Nasza ofiara, mięso krwawe
Zbyt już otwarcie nam wykłada,
Urok ogrodów, gdzie szparagi,
Cel naszych zabaw na chodniku.
Kolekcje znaczków, jaja ptasie
Nie są już z nami; poza cudem
Podwodnych ścieżek, krętych schodów,
Będziemy zawsze już świadomi
Czynu; ku niemu one wiodą;
Pod czapką błazna, w czas pościgu,
Przez kroków głos i wody plusk,
Przez bicie serca i przez śmiech
Będziemy nasłuchiwać ciszy,
By iść za krzykiem. A gdziekolwiek
Strumienie biegną, słońce świeci,
Powstają książki, tam śmierć czeka.
Już wiatr znad szczytów liście trąca,
O czwartej znów otworzą sklepy
I z różowego placu ruszy
Pełny autobus.
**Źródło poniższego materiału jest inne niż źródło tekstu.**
lemma slowly_varying_ln_shift:
  assumes "slowly_varying (\<lambda>x. g (ln x))"
  shows "((\<lambda>x. g (x - y) / g x) \<longlongrightarrow> 1) at_top"
proof -
  from assms have "((\<lambda>u. g (ln (exp (-y) * u)) / g (ln u)) \<longlongrightarrow> 1) at_top"
    unfolding slowly_varying_def by auto
  from filterlim_compose[OF this exp_at_top] show ?thesis
    by (simp add: o_def ln_mult)
qed

lemma exp_tail_shift_ratio:
  fixes T g :: "real \<Rightarrow> real"
  assumes tail: "T \<sim>[at_top] (\<lambda>x. g x * exp (- b * x))"
    and sv: "slowly_varying (\<lambda>x. g (ln x))"
  shows "((\<lambda>x. T (x - y) / T x) \<longlongrightarrow> exp (b * y)) at_top"
proof -
  define h where "h x = g x * exp (- b * x)" for x
  have "\<forall>\<^sub>F x in at_top. h (x - y) / h x = g (x - y) / g x * exp (b * y)"
    using slowly_varying_ln_eventually_pos[OF sv]
    by eventually_elim (simp add: h_def exp_diff exp_minus field_simps right_diff_distrib)
  moreover have "((\<lambda>x. g (x - y) / g x * exp (b * y)) \<longlongrightarrow> 1 * exp (b * y)) at_top"
    by (intro tendsto_mult slowly_varying_ln_shift[OF sv] tendsto_const)
  ultimately have lim: "((\<lambda>x. h (x - y) / h x) \<longlongrightarrow> exp (b * y)) at_top"
    by (simp add: tendsto_cong)
  have shift: "filterlim (\<lambda>x::real. x - y) at_top at_top"
    by (rule filterlim_tendsto_add_at_top[OF tendsto_const filterlim_ident, of "- y", simplified])
  have "(\<lambda>x. T (x - y) / T x) \<sim>[at_top] (\<lambda>x. h (x - y) / h x)"
    using asymp_equiv_compose'[OF tail[folded h_def] shift] tail[folded h_def]
    by (rule asymp_equiv_divide)
  then show ?thesis
    using asymp_equiv_tendsto_transfer[OF asymp_equiv_symI lim] by blast
qed

lemma running_sup_ratio_bound:
  fixes g :: "real \<Rightarrow> real"
  assumes "Limsup at_top (\<lambda>x. (SUP y\<in>{1..x}. ereal (g y)) / ereal (g x)) < \<infinity>"
    and gpos: "\<forall>\<^sub>F x in at_top. g x > 0"
  obtains K where "\<forall>\<^sub>F x in at_top. \<forall>y\<in>{1..x}. g y \<le> K * g x"
proof -
  obtain n :: nat where "Limsup at_top (\<lambda>x. (SUP y\<in>{1..x}. ereal (g y)) / ereal (g x)) < real n"
    using assms(1) less_PInf_Ex_of_nat by auto
  then have "\<forall>\<^sub>F x in at_top. (SUP y\<in>{1..x}. ereal (g y)) / ereal (g x) < real n"
    by (rule Limsup_lessD)
  with gpos have "\<forall>\<^sub>F x in at_top. \<forall>y\<in>{1..x}. g y \<le> real n * g x"
  proof eventually_elim
    case (elim x)
    show ?case
    proof
      fix y assume "y \<in> {1..x}"
      then have "ereal (g y) / ereal (g x) \<le> (SUP y\<in>{1..x}. ereal (g y)) / ereal (g x)"
        using elim by (intro ereal_divide_right_mono SUP_upper) auto
      also have "\<dots> < real n" using elim by blast
      finally show "g y \<le> real n * g x"
        using elim by (simp add: divide_less_eq)
    qed
  qed
  then show thesis by (rule that)
qed

lemma exp_tail_eventual_bounds:
  fixes T g :: "real \<Rightarrow> real"
  assumes T_nonneg: "\<And>x. 0 \<le> T x"
    and tail: "T \<sim>[at_top] (\<lambda>x. g x * exp (- b * x))"
    and sv: "slowly_varying (\<lambda>x. g (ln x))"
    and sup_g: "Limsup at_top (\<lambda>x. (SUP y\<in>{1..x}. ereal (g y)) / ereal (g x)) < \<infinity>"
  obtains x0 K where "\<And>x. x \<ge> x0 \<Longrightarrow> 1 \<le> x \<and> g x > 0 \<and> (\<forall>y\<in>{1..x}. g y \<le> K * g x)
      \<and> T x \<le> 2 * (g x * exp (- b * x)) \<and> g x * exp (- b * x) \<le> 2 * T x"
proof -
  define h where "h x = g x * exp (- b * x)" for x
  have gpos: "\<forall>\<^sub>F x in at_top. g x > 0"
    by (rule slowly_varying_ln_eventually_pos[OF sv])
  obtain K where K: "\<forall>\<^sub>F x in at_top. \<forall>y\<in>{1..x}. g y \<le> K * g x"
    using running_sup_ratio_bound[OF sup_g gpos] by blast
  have "\<forall>\<^sub>F x in at_top. norm (T x) \<le> 2 * norm (h x)"
    using asymp_equiv_imp_eventually_le[OF tail[folded h_def], of 2] by simp
  moreover have "\<forall>\<^sub>F x in at_top. norm (T x) \<ge> 1/2 * norm (h x)"
    using asymp_equiv_imp_eventually_ge[OF tail[folded h_def], of "1/2"] by simp
  ultimately have "\<forall>\<^sub>F x in at_top. 1 \<le> x \<and> g x > 0 \<and> (\<forall>y\<in>{1..x}. g y \<le> K * g x)
      \<and> T x \<le> 2 * h x \<and> h x \<le> 2 * T x"
    using gpos K eventually_ge_at_top[of 1]
    by eventually_elim (use T_nonneg in \<open>auto simp: h_def abs_mult\<close>)
  then show thesis
    unfolding eventually_at_top_linorder h_def using that by blast
qed

lemma exp_tail_ratio_dominated:
  fixes T g :: "real \<Rightarrow> real"
  assumes b: "b > 0"
    and T_anti: "\<And>x y. x \<le> y \<Longrightarrow> T y \<le> T x"
    and T_nonneg: "\<And>x. 0 \<le> T x" and T_le1: "\<And>x. T x \<le> 1"
    and tail: "T \<sim>[at_top] (\<lambda>x. g x * exp (- b * x))"
    and sv: "slowly_varying (\<lambda>x. g (ln x))"
    and sup_g: "Limsup at_top (\<lambda>x. (SUP y\<in>{1..x}. ereal (g y)) / ereal (g x)) < \<infinity>"
  obtains x0 C where "\<And>x. x \<ge> x0 \<Longrightarrow> T x > 0"
    and "\<And>x y. x \<ge> x0 \<Longrightarrow> T (x - y) / T x \<le> 1 + C * exp (b * y)"
proof -
  define h where "h x = g x * exp (- b * x)" for x
  obtain x0 K where x0: "\<And>x. x \<ge> x0 \<Longrightarrow> 1 \<le> x \<and> g x > 0 \<and> (\<forall>y\<in>{1..x}. g y \<le> K * g x)
      \<and> T x \<le> 2 * h x \<and> h x \<le> 2 * T x"
    using exp_tail_eventual_bounds[OF T_nonneg tail sv sup_g] unfolding h_def by blast
  have hpos: "h x > 0" if "x \<ge> x0" for x using x0[OF that] by (simp add: h_def)
  have Tpos: "T x > 0" if "x \<ge> x0" for x using x0[OF that] hpos[OF that] by linarith
  have K1: "K \<ge> 1"
  proof -
    have "g x0 \<le> K * g x0" "g x0 > 0" using x0[of x0] by auto
    then show ?thesis by simp
  qed
  define C where "C = 4 * K + 2 * K * exp (b * x0) / g x0"
  have C_ge: "4 * K \<le> C" "2 * K * exp (b * x0) / g x0 \<le> C"
    using K1 x0[of x0] by (auto simp: C_def)
  have "T (x - y) / T x \<le> 1 + C * exp (b * y)" if x: "x \<ge> x0" for x y
  proof -
    consider "y \<le> 0" | "0 < y" "y \<le> x - x0" | "x - x0 < y" by linarith
    then have "T (x - y) \<le> T x + C * exp (b * y) * T x"
    proof cases
      case 1
      have "0 \<le> C * exp (b * y) * T x" using C_ge K1 Tpos[OF x] by simp
      then show ?thesis using T_anti[of x "x - y"] 1 by simp
    next
      case 2
      have "T (x - y) \<le> 2 * (g (x - y) * exp (- b * (x - y)))"
        using x0[of "x - y"] 2 by (simp add: h_def)
      also have "\<dots> \<le> 2 * (K * g x * exp (- b * (x - y)))"
        using x0[of x] x0[of "x - y"] 2 x by (intro mult_left_mono mult_right_mono) auto
      also have "\<dots> = 2 * K * exp (b * y) * h x"
        by (simp add: h_def exp_diff exp_minus field_simps right_diff_distrib)
      also have "\<dots> \<le> 4 * K * exp (b * y) * T x"
        using x0[OF x] K1 by simp
      also have "\<dots> \<le> C * exp (b * y) * T x"
        using C_ge Tpos[OF x] by (intro mult_right_mono) auto
      finally show ?thesis using Tpos[OF x] by simp
    next
      case 3
      \<comment> \<open>Here only \<open>T \<le> 1\<close> is available, and \<open>g x0 \<le> K * g x\<close> turns \<open>1 / T x\<close> into a multiple of \<open>exp (b * y)\<close>.\<close>
      have "2 * exp (b * x) / g x \<le> 2 * K * exp (b * x0) / g x0 * exp (b * y)"
      proof -
        have "g x0 \<le> K * g x" using x0[OF x] x0[of x0] x by auto
        moreover have "exp (b * x) \<le> exp (b * x0) * exp (b * y)"
          using 3 b by (simp add: exp_add[symmetric] distrib_left[symmetric])
        ultimately have "2 * exp (b * x) * g x0 \<le> 2 * (exp (b * x0) * exp (b * y)) * (K * g x)"
          using x0[of x0] by (intro mult_mono) auto
        then show ?thesis using x0[OF x] x0[of x0] by (simp add: field_simps)
      qed
      also have "\<dots> \<le> C * exp (b * y)"
        using C_ge by (intro mult_right_mono) auto
      finally have "2 * exp (b * x) / g x * T x \<le> C * exp (b * y) * T x"
        using Tpos[OF x] by (intro mult_right_mono) auto
      moreover have "1 \<le> 2 * exp (b * x) / g x * T x"
        using x0[OF x] by (simp add: h_def exp_minus field_simps)
      ultimately show ?thesis using T_le1[of "x - y"] Tpos[OF x] by linarith
    qed
    then show ?thesis using Tpos[OF x] by (simp add: divide_le_eq algebra_simps)
  qed
  then show thesis using that Tpos by blast
qed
Mamy czas
Fakty przekręcać, faktom przeczyć,
Fakty przepraszać; lecz już czeka
Pod łóżkiem hotelowym, w celi
Znaczenie faktu. Na nas czeka,
A nim wyboru dokonamy,
Woda zapłonie, chleb stopnieje
I wzejdzie cisza; już Abaddon
Stawia potrójne szubienice
Przy siedmiu bramach, Belial prosi
Do tańca nasze nagie żony.
Tymczasem chodźmy, czas do domu,
Jeśli dom mamy, by w nim spocząć.
Drzemiące chęci! Zda się, zbiegłe
Tej martwej ciszy, już wędrują
Na ostrzach noży, przez kwadraty
Szachownic, poprzez mech i sukno,
Ponad wzgórzami, w rozpadlinach,
Przez labirynty sznurka, w dół,
Poprzez wilgotne korytarze,
Przez bramy zawsze zatrzaśnięte,
Drzwi obcych mieszkań; wciąż ścigane
Przez skrytobójców, przez Maurów,
Do wrogich wiosek nad fiordami,
Do mrocznych zamków, gdzie wśród sosen
Łka wiatr i dzwonek telefonu
Zaprasza troski, do pokoju,
Gdzie pod żąrówką nasz sobowtór
Siedzi i pisze, patrząć w dół.
My tam daleko. Lecz tu ciało
Skażone znów podejmie pracę,
Tak przywracając rytm, porządek
Zburzony przez nas; już zastawki
Idą w dół, w górę, drżą gruczoły,
Naczynie kurczy się, rozkurcza
W chwili stosownej, fluid płynie
Żywiąc komórki wyczerpane;
Choć nie wie, co się stało, czuje
Przed śmiercią lęk, tak jak stworzenia
Czyn nasz śledzące: lęk czuł jastrząb
Wiszący w górze, dumne kwoki,
Co przeszły obok, dziobiąc ziarno,
Robak, zakryty przez źdźbło trawy,
Spłoszony jeleń, który patrzył,
Stojąc za drzewem, z głębi lasów.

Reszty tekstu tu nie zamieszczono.